Segment Start: Recorded data

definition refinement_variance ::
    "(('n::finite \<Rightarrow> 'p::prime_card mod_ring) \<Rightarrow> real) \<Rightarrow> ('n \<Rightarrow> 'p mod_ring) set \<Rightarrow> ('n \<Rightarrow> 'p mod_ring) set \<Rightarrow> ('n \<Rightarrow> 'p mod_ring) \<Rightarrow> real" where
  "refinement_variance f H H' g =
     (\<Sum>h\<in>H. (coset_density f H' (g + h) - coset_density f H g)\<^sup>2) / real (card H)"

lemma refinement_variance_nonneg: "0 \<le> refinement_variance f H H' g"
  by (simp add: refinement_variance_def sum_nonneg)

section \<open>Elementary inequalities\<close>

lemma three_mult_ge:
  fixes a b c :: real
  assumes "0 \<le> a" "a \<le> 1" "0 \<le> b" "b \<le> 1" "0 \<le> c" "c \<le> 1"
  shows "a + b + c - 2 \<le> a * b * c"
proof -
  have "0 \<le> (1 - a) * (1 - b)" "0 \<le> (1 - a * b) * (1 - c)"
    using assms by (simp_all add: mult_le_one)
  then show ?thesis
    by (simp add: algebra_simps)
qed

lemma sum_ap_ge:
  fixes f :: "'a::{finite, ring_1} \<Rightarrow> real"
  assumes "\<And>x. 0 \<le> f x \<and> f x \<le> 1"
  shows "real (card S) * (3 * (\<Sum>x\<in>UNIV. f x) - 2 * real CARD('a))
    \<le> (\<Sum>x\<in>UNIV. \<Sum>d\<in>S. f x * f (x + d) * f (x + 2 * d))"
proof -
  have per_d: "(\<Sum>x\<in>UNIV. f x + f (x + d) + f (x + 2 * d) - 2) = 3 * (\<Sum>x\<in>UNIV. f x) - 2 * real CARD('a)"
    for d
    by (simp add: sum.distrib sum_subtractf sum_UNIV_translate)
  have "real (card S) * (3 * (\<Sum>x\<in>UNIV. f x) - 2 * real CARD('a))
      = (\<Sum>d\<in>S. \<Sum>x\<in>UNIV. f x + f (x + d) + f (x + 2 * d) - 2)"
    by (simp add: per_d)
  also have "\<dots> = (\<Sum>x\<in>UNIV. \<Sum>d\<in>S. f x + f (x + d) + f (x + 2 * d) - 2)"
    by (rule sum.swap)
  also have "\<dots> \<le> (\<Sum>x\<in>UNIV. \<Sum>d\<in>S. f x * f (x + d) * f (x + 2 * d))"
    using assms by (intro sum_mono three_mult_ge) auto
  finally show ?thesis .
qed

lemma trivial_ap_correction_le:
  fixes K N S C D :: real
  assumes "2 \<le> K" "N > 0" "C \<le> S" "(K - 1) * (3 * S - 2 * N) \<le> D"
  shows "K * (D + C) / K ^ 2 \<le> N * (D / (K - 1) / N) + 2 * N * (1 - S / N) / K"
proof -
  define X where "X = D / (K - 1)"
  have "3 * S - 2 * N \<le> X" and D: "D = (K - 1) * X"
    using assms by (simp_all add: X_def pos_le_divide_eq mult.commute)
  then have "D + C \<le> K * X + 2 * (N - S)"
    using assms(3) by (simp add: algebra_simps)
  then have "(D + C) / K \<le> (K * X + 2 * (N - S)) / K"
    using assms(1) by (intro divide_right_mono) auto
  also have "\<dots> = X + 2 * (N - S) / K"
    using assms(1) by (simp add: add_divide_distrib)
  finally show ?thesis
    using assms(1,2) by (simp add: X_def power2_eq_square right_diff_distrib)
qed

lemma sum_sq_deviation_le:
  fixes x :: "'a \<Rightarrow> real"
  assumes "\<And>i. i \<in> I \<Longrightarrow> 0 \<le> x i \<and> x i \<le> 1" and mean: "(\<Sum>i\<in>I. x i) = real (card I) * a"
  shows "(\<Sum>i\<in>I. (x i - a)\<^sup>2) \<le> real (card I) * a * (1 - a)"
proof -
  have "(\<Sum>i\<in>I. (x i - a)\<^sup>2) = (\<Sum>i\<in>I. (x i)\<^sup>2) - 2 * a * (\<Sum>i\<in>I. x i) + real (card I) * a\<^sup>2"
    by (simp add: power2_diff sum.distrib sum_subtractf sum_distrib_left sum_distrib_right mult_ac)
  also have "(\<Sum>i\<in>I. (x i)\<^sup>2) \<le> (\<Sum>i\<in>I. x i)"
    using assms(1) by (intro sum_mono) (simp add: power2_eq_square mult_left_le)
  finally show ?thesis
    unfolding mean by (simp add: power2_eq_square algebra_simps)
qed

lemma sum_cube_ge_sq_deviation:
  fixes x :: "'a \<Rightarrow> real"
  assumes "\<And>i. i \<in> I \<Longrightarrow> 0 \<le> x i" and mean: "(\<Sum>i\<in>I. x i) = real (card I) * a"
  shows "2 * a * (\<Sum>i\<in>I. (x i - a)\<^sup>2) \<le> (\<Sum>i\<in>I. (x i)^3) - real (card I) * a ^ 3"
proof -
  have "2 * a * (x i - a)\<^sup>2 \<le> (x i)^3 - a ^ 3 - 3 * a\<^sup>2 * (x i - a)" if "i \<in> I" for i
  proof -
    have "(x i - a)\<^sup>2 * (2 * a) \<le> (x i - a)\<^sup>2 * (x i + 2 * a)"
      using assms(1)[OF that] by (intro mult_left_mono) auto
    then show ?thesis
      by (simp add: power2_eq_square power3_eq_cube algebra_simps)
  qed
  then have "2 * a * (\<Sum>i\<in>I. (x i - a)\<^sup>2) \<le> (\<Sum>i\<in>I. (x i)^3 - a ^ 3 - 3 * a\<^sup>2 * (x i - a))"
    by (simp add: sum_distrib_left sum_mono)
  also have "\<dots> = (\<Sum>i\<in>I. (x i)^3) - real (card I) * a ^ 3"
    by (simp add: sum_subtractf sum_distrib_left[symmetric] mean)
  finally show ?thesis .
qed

Segment End: Recorded data

= Exercise prompt =
If a line comes after the one with "by (rule sum.swap)", leave it out; reproduce exactly every line of the material from the first up to and including that one.

= Written response =
definition refinement_variance ::
    "(('n::finite \<Rightarrow> 'p::prime_card mod_ring) \<Rightarrow> real) \<Rightarrow> ('n \<Rightarrow> 'p mod_ring) set \<Rightarrow> ('n \<Rightarrow> 'p mod_ring) set \<Rightarrow> ('n \<Rightarrow> 'p mod_ring) \<Rightarrow> real" where
  "refinement_variance f H H' g =
     (\<Sum>h\<in>H. (coset_density f H' (g + h) - coset_density f H g)\<^sup>2) / real (card H)"

lemma refinement_variance_nonneg: "0 \<le> refinement_variance f H H' g"
  by (simp add: refinement_variance_def sum_nonneg)

section \<open>Elementary inequalities\<close>

lemma three_mult_ge:
  fixes a b c :: real
  assumes "0 \<le> a" "a \<le> 1" "0 \<le> b" "b \<le> 1" "0 \<le> c" "c \<le> 1"
  shows "a + b + c - 2 \<le> a * b * c"
proof -
  have "0 \<le> (1 - a) * (1 - b)" "0 \<le> (1 - a * b) * (1 - c)"
    using assms by (simp_all add: mult_le_one)
  then show ?thesis
    by (simp add: algebra_simps)
qed

lemma sum_ap_ge:
  fixes f :: "'a::{finite, ring_1} \<Rightarrow> real"
  assumes "\<And>x. 0 \<le> f x \<and> f x \<le> 1"
  shows "real (card S) * (3 * (\<Sum>x\<in>UNIV. f x) - 2 * real CARD('a))
    \<le> (\<Sum>x\<in>UNIV. \<Sum>d\<in>S. f x * f (x + d) * f (x + 2 * d))"
proof -
  have per_d: "(\<Sum>x\<in>UNIV. f x + f (x + d) + f (x + 2 * d) - 2) = 3 * (\<Sum>x\<in>UNIV. f x) - 2 * real CARD('a)"
    for d
    by (simp add: sum.distrib sum_subtractf sum_UNIV_translate)
  have "real (card S) * (3 * (\<Sum>x\<in>UNIV. f x) - 2 * real CARD('a))
      = (\<Sum>d\<in>S. \<Sum>x\<in>UNIV. f x + f (x + d) + f (x + 2 * d) - 2)"
    by (simp add: per_d)
  also have "\<dots> = (\<Sum>x\<in>UNIV. \<Sum>d\<in>S. f x + f (x + d) + f (x + 2 * d) - 2)"
    by (rule sum.swap)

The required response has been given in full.